YOUR INSTRUCTIONS
Give the data again exactly, from its opening line through the line in which "by (auto simp: lang_mk_plus" appears.

__________

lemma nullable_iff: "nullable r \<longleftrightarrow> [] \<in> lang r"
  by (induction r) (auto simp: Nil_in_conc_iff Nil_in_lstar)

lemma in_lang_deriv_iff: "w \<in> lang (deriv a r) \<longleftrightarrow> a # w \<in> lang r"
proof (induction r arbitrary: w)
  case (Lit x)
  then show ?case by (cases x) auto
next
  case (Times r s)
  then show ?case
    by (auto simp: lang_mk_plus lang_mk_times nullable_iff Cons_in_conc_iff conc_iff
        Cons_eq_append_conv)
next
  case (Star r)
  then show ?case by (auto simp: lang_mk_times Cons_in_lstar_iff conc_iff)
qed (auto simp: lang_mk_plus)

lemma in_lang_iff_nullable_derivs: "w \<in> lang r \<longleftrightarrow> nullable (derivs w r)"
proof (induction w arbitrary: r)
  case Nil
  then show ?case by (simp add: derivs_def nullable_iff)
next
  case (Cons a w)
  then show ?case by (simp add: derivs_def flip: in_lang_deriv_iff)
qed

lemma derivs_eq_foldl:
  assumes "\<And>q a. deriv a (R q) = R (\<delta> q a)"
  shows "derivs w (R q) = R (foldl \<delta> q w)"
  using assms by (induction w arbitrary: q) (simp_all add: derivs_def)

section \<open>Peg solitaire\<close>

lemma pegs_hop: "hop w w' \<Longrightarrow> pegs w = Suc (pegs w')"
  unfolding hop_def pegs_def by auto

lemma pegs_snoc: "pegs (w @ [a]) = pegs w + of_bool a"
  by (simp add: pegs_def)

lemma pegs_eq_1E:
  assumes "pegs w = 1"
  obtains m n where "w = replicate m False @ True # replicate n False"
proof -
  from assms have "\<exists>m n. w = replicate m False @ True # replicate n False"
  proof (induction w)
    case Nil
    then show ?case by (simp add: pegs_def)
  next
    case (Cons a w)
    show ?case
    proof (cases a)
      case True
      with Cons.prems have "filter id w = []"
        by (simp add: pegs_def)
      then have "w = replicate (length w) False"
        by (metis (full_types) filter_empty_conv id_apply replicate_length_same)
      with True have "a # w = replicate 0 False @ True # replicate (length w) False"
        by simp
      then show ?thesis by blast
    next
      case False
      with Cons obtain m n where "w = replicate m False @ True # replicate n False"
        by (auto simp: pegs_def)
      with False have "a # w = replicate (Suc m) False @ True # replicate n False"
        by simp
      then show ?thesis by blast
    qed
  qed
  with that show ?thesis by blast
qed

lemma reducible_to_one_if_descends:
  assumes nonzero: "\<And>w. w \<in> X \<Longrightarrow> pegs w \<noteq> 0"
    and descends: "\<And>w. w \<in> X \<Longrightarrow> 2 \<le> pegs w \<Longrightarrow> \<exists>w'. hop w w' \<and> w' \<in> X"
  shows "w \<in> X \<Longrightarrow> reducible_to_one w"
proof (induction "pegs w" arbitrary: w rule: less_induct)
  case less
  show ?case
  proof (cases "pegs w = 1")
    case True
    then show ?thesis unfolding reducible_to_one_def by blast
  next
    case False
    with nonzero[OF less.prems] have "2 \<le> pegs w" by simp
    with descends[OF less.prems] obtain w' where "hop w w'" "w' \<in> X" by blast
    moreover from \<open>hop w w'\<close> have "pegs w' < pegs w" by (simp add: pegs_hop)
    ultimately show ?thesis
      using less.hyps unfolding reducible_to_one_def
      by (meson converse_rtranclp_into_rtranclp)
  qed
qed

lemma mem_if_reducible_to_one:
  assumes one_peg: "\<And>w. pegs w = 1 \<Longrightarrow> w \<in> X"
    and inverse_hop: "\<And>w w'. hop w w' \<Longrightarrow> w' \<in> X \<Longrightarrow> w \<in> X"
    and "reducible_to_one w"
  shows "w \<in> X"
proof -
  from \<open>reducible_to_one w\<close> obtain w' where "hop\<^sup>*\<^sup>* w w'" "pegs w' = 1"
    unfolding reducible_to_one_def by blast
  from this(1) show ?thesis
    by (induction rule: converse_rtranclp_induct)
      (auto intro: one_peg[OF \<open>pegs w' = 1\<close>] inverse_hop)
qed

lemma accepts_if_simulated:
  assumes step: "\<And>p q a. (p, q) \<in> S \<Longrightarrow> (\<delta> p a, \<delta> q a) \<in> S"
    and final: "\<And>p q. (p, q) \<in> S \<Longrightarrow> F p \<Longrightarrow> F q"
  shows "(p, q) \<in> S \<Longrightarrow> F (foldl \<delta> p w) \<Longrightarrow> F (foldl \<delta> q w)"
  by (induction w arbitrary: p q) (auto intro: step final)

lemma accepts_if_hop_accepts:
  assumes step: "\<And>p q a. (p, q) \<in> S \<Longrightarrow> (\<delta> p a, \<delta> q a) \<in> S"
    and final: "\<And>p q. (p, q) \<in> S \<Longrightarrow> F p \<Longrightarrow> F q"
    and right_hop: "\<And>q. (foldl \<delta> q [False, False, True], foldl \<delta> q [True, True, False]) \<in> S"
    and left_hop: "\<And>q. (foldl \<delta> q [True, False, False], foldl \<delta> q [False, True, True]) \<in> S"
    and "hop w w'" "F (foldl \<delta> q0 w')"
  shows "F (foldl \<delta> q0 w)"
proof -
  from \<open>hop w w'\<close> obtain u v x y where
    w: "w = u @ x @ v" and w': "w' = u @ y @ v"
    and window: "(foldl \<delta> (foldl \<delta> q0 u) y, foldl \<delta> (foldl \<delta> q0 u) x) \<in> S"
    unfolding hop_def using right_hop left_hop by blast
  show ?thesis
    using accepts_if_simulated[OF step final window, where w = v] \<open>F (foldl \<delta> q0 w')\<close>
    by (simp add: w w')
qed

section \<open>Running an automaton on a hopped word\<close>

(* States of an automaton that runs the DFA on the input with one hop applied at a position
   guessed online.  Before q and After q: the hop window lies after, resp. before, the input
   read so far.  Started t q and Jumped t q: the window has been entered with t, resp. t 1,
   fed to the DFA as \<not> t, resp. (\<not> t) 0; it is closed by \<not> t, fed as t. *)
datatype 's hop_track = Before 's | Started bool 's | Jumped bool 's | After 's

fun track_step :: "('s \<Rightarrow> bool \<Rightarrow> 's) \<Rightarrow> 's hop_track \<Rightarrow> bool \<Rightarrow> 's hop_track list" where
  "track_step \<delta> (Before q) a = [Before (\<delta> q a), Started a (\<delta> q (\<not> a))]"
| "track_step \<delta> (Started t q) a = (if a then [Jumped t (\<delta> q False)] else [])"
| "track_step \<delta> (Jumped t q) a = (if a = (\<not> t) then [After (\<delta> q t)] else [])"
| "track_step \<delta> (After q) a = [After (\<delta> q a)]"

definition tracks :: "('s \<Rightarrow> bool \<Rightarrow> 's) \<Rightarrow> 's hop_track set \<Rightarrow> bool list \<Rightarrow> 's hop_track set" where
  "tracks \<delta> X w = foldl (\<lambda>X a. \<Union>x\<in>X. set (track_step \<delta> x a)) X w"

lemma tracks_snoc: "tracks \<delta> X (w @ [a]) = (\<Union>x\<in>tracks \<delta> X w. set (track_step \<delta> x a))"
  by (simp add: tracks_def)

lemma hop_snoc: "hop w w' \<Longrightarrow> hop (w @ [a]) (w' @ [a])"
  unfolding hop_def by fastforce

__________

EXERCISE RESPONSE
lemma nullable_iff: "nullable r \<longleftrightarrow> [] \<in> lang r"
  by (induction r) (auto simp: Nil_in_conc_iff Nil_in_lstar)

lemma in_lang_deriv_iff: "w \<in> lang (deriv a r) \<longleftrightarrow> a # w \<in> lang r"
proof (induction r arbitrary: w)
  case (Lit x)
  then show ?case by (cases x) auto
next
  case (Times r s)
  then show ?case
    by (auto simp: lang_mk_plus lang_mk_times nullable_iff Cons_in_conc_iff conc_iff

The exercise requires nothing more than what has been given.